Even more hilariously preposterous is a sequence where Rex and Tilly meet the bartender Julie (Emma Hamilton), a British girl who vaguely answers any questions about how she wound up in Australia. Later that night at the bar, Rex falls severely ill. While Julie tries to save him, her boss tells her to call an ambulance and get back to work. It’s at this moment that Julie reveals she’s actually a former nurse, an oh-so-convenient coincidence that winds up making her tag along for the ride as Rex’s caretaker. Other moments like this happen throughout: when Rex calls a radio show to talk about his illness earlier on in Broken Hill, the camera cuts to all of Rex’s friends across town who all happen to be listening in at the same time. These scenes serve as little reminders that, no matter pleasant the film may be, there’s a limit to the amount of BS one can pile on an audience.
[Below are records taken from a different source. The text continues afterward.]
lemma pwl_le_V_shift: "e < q \<Longrightarrow> q \<le> 1 \<Longrightarrow> pwl K knot q \<le> V (q - e) + e"
proof (cases q rule: pwl_knot_cases)
  case 2
  thus ?thesis if "e < q" "q \<le> 1" using V_bounds[of "q - e"] that e_pos by simp
next
  case (3 i)
  thus ?thesis if "e < q" "q \<le> 1"
  proof -
    have "q - e \<le> qs i" "pwl K knot q - Vs i \<le> e / 2" using 3 e_pos unfolding abs_le_iff by linarith+
    moreover have "Vs i \<le> V (q - e)"
      unfolding Vs_def using calculation qs_bounds[OF 3(1)] that e_pos by (intro V_antimono) auto
    ultimately show ?thesis using e_pos by linarith
  qed
qed simp_all

end


section \<open>Decoding into distributions\<close>

lemma levy_dist_le:
  assumes "0 \<le> e" "\<And>v. F (v - e) - e \<le> G v" "\<And>v. G v \<le> F (v + e) + e"
  shows "levy_dist F G \<le> e"
  unfolding levy_dist_def using assms by (intro cInf_lower) (auto intro: bdd_belowI[where m=0])

definition uniform01 :: "real measure" where "uniform01 = uniform_measure lborel {0..1}"

lemma prob_space_uniform01: "prob_space uniform01"
  unfolding uniform01_def by (intro prob_space_uniform_measure) auto

lemma sets_uniform01 [simp]: "sets uniform01 = sets borel"
  and space_uniform01 [simp]: "space uniform01 = UNIV"
  unfolding uniform01_def by auto

lemma measurable_uniform01: "L \<in> borel_measurable borel \<Longrightarrow> L \<in> borel_measurable uniform01"
  by (metis measurable_cong_sets sets_uniform01)

lemma real_distribution_distr_uniform01:
  "L \<in> borel_measurable borel \<Longrightarrow> real_distribution (distr uniform01 borel L)"
  unfolding real_distribution_def real_distribution_axioms_def
  using prob_space_uniform01 measurable_uniform01 by (auto intro: prob_space.prob_space_distr)

lemma cdf_distr_uniform01:
  assumes L: "L \<in> borel_measurable borel"
  shows "cdf (distr uniform01 borel L) v = measure lborel ({0..1} \<inter> L -` {..v})"
proof -
  have "cdf (distr uniform01 borel L) v = measure uniform01 (L -` {..v})"
    unfolding cdf_def using measurable_uniform01[OF L] measurable_sets[OF L, of "{..v}"]
    by (subst measure_distr) auto
  also have "\<dots> = measure lborel ({0..1} \<inter> L -` {..v})"
    unfolding uniform01_def using measurable_sets[OF L, of "{..v}"]
    by (subst measure_uniform_measure) (auto simp: emeasure_lborel_Icc_eq)
  finally show ?thesis .
qed

lemma fmeasurable_Icc: "{a..b::real} \<in> fmeasurable lborel"
  unfolding fmeasurable_def by (auto simp: emeasure_lborel_Icc_eq)

context prob_on_unit_interval
begin

lemma cdf_distr_uniform01_le:
  assumes L: "L \<in> borel_measurable borel" and e: "0 < e"
    and above: "\<And>x. 0 \<le> x \<Longrightarrow> x \<le> 1 \<Longrightarrow> e < x \<Longrightarrow> Q (x - e) \<le> L x + e"
  shows "cdf (distr uniform01 borel L) v \<le> F (v + e) + e"
proof -
  have meas: "{0..1} \<inter> L -` {..v} \<in> sets lborel" using L by auto
  have "{0..1} \<inter> L -` {..v} \<subseteq> {0..min 1 (F (v + e) + e)}"
  proof
    fix x assume x: "x \<in> {0..1} \<inter> L -` {..v}"
    have "\<not> F (v + e) + e < x"
    proof
      assume "F (v + e) + e < x"
      hence "0 < x - e" "x - e \<le> 1" "\<not> x - e \<le> F (v + e)" using x e cdf_nonneg[of "v + e"] by auto
      hence "v + e < Q (x - e)" using quantile_le_iff by (meson not_le)
      thus False using above[of x] x \<open>0 < x - e\<close> by auto
    qed
    thus "x \<in> {0..min 1 (F (v + e) + e)}" using x by auto
  qed
  hence "cdf (distr uniform01 borel L) v \<le> measure lborel {0..min 1 (F (v + e) + e)}"
    unfolding cdf_distr_uniform01[OF L] by (intro measure_mono_fmeasurable) (use meas fmeasurable_Icc in auto)
  also have "\<dots> \<le> F (v + e) + e" using e cdf_nonneg[of "v + e"] by simp
  finally show ?thesis .
qed

lemma cdf_distr_uniform01_ge:
  assumes L: "L \<in> borel_measurable borel" and e: "0 < e"
    and below: "\<And>x. 0 \<le> x \<Longrightarrow> x \<le> 1 \<Longrightarrow> x < 1 - e \<Longrightarrow> L x \<le> Q (x + e) + e"
  shows "F (v - e) - e \<le> cdf (distr uniform01 borel L) v"
proof (cases "F (v - e) - e \<le> 0")
  case True
  thus ?thesis unfolding cdf_distr_uniform01[OF L] by (smt (verit) measure_nonneg)
next
  case False
  have meas: "{0..1} \<inter> L -` {..v} \<in> sets lborel" using L by auto
  have "{0..<F (v - e) - e} \<subseteq> {0..1} \<inter> L -` {..v}"
  proof
    fix x assume x: "x \<in> {0..<F (v - e) - e}"
    have "F (v - e) \<le> 1" by (rule cdf_bounded_prob)
    hence "0 < x + e" "x + e \<le> 1" "x + e \<le> F (v - e)" "x < 1 - e" using x e by auto
    hence "Q (x + e) \<le> v - e" using quantile_le_iff by blast
    thus "x \<in> {0..1} \<inter> L -` {..v}" using below[of x] x \<open>x < 1 - e\<close> e by auto
  qed
  hence "measure lborel {0..<F (v - e) - e} \<le> cdf (distr uniform01 borel L) v"
    unfolding cdf_distr_uniform01[OF L]
    by (intro measure_mono_fmeasurable) (use meas in \<open>auto intro: fmeasurableI2[OF fmeasurable_Icc[of 0 1]]\<close>)
  thus ?thesis using False by simp
qed

end

context sampling
begin

lemma levy_dist_pwl_le: "levy_dist F (cdf (distr uniform01 borel (\<lambda>x. pwl K knot (1 - x)))) \<le> e"
proof (rule levy_dist_le)
  show "cdf (distr uniform01 borel (\<lambda>x. pwl K knot (1 - x))) v \<le> F (v + e) + e" for v
  proof (rule cdf_distr_uniform01_le[OF pwl_reflect_measurable e_pos])
    fix x :: real assume "0 \<le> x" "x \<le> 1" "e < x"
    thus "Q (x - e) \<le> pwl K knot (1 - x) + e"
      using V_shift_le_pwl[of "1 - x"] unfolding V_def by (simp add: algebra_simps)
  qed
  show "F (v - e) - e \<le> cdf (distr uniform01 borel (\<lambda>x. pwl K knot (1 - x))) v" for v
  proof (rule cdf_distr_uniform01_ge[OF pwl_reflect_measurable e_pos])
    fix x :: real assume "0 \<le> x" "x \<le> 1" "x < 1 - e"
    thus "pwl K knot (1 - x) \<le> Q (x + e) + e"
      using pwl_le_V_shift[of "1 - x"] unfolding V_def by (simp add: algebra_simps)
  qed
qed (use e_pos in simp)

end

section \<open>Counting the codes\<close>

lemma inv_sqrt_ln_bounds:
  fixes e :: real
  assumes "0 < e" "e < 1/2"
  shows "1 \<le> 1 / sqrt e" "1 / sqrt e * (1 / sqrt e) = 1 / e" "ln 2 \<le> ln (1 / e)" "2/3 \<le> ln (1 / e)"
    "2/3 \<le> 1 / sqrt e * ln (1 / e)"
proof -
  show X: "1 \<le> 1 / sqrt e" using assms by (simp add: real_sqrt_le_1_iff)
  show "1 / sqrt e * (1 / sqrt e) = 1 / e" using assms by (simp add: real_sqrt_mult[symmetric])
  have "2 \<le> 1 / e" using assms by (simp add: field_simps)
  thus L: "ln 2 \<le> ln (1 / e)" using assms by (subst ln_le_cancel_iff) auto
  thus L': "2/3 \<le> ln (1 / e)" using ln2_ge_two_thirds by simp
  have "1 * ln (1 / e) \<le> 1 / sqrt e * ln (1 / e)" by (rule mult_right_mono[OF X]) (use L' in simp)
  thus "2/3 \<le> 1 / sqrt e * ln (1 / e)" using L' by linarith
qed

definition grid :: "real \<Rightarrow> real set" where "grid e = (\<lambda>k. e / 8 * real k) ` {0..nat \<lfloor>8 / e\<rfloor>}"

context sampling
begin

lemma N_div_width_le: "real (N div width) \<le> 32 * (1 / sqrt e) + 1"
proof -
  define X where "X = 1 / sqrt e"
  have X: "1 \<le> X" "X * X = 1 / e" using inv_sqrt_ln_bounds e_pos e_less_half unfolding X_def by auto
  have "32 / e = 32 * (X * X)" unfolding X(2) by simp
  have "real (N div width) \<le> real N / real width" by (rule of_nat_div_le_of_nat)
  also have "\<dots> \<le> (32 / e + 1) / X" using N_bounds width_bounds X e_pos unfolding X_def by (intro frac_le) auto
  also have "\<dots> = 32 * X + 1 / X" unfolding \<open>32 / e = 32 * (X * X)\<close> using X(1) by (simp add: add_divide_distrib)
  also have "\<dots> \<le> 32 * X + 1" using X by simp
  finally show ?thesis unfolding X_def .
qed

lemma var_bound_le: "0 \<le> var_bound" "var_bound \<le> 6 * (1 + b) * ln (1 / e)"
proof -
  have "ln (1 / c) = 2 * ln 2 + ln (1 / e)"
    unfolding c_def using e_pos ln_realpow[of 2 2] by (simp add: ln_div)
  hence lc: "0 \<le> ln (1 / c)" "ln (1 / c) \<le> 3 * ln (1 / e)"
    using inv_sqrt_ln_bounds[OF e_pos e_less_half] by auto
  thus "0 \<le> var_bound" unfolding var_bound_def using b_nonneg by simp
  have "var_bound \<le> 2 * (1 + b) * (3 * ln (1 / e))"
    unfolding var_bound_def using lc b_nonneg by (intro mult_left_mono) auto
  thus "var_bound \<le> 6 * (1 + b) * ln (1 / e)" by (simp add: algebra_simps)
qed

lemma K_le: "real K \<le> (100 + 24 * b) * (1 / sqrt e) * ln (1 / e)"
proof -
  define X where "X = 1 / sqrt e"
  define L where "L = ln (1 / e)"
  have X: "1 \<le> X" "2/3 \<le> L" "2/3 \<le> X * L"
    using inv_sqrt_ln_bounds[OF e_pos e_less_half] unfolding X_def L_def by auto
  have "2 * var_bound + 1 \<le> 12 * (1 + b) * L + 2 * L" using var_bound_le X unfolding L_def by linarith
  moreover have "real width \<le> 2 * X" using width_bounds X unfolding X_def by linarith
  ultimately have "real width * (2 * var_bound + 1) \<le> (2 * X) * (12 * (1 + b) * L + 2 * L)"
    using var_bound_le by (intro mult_mono) auto
  moreover have "32 * X \<le> 48 * (X * L)" using mult_left_mono[OF X(2), of X] X by simp
  moreover have "real K \<le> real (card J)" using Suc_K by simp
  ultimately have "real K \<le> 4 + 48 * (X * L) + X * L * (28 + 24 * b)"
    using card_J N_div_width_le unfolding X_def[symmetric] by (simp add: algebra_simps)
  also have "\<dots> \<le> (100 + 24 * b) * X * L" using X by (simp add: algebra_simps)
  finally show ?thesis unfolding X_def L_def .
qed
The last act, where Rex arrives and Weaver’s character takes on a more prominent role, is a bit of a fumble, especially when the story turns to highlighting how Rex has changed those around him for the better. But a touching scene between Rex and Polly and a surprisingly low-key ending things on a note that’s more bittersweet than melancholy help turn things around a bit. There’s no denying that audiences will enjoy Sims’ film, laughing and crying at the exact moments it wants them to (there were plenty of tears and sniffling at my screening), but Sims having his heart in the right place can’t entirely mask the mawkish and cheesy nature of the story. Last Cab to Darwin, therefore, operates as a guide on how to do schmaltz right and wrong. It’s a ratio that tips over a little more on the wrong side, but the terrific performances and touching relationship at the centre of it all make this film a lot easier to swallow.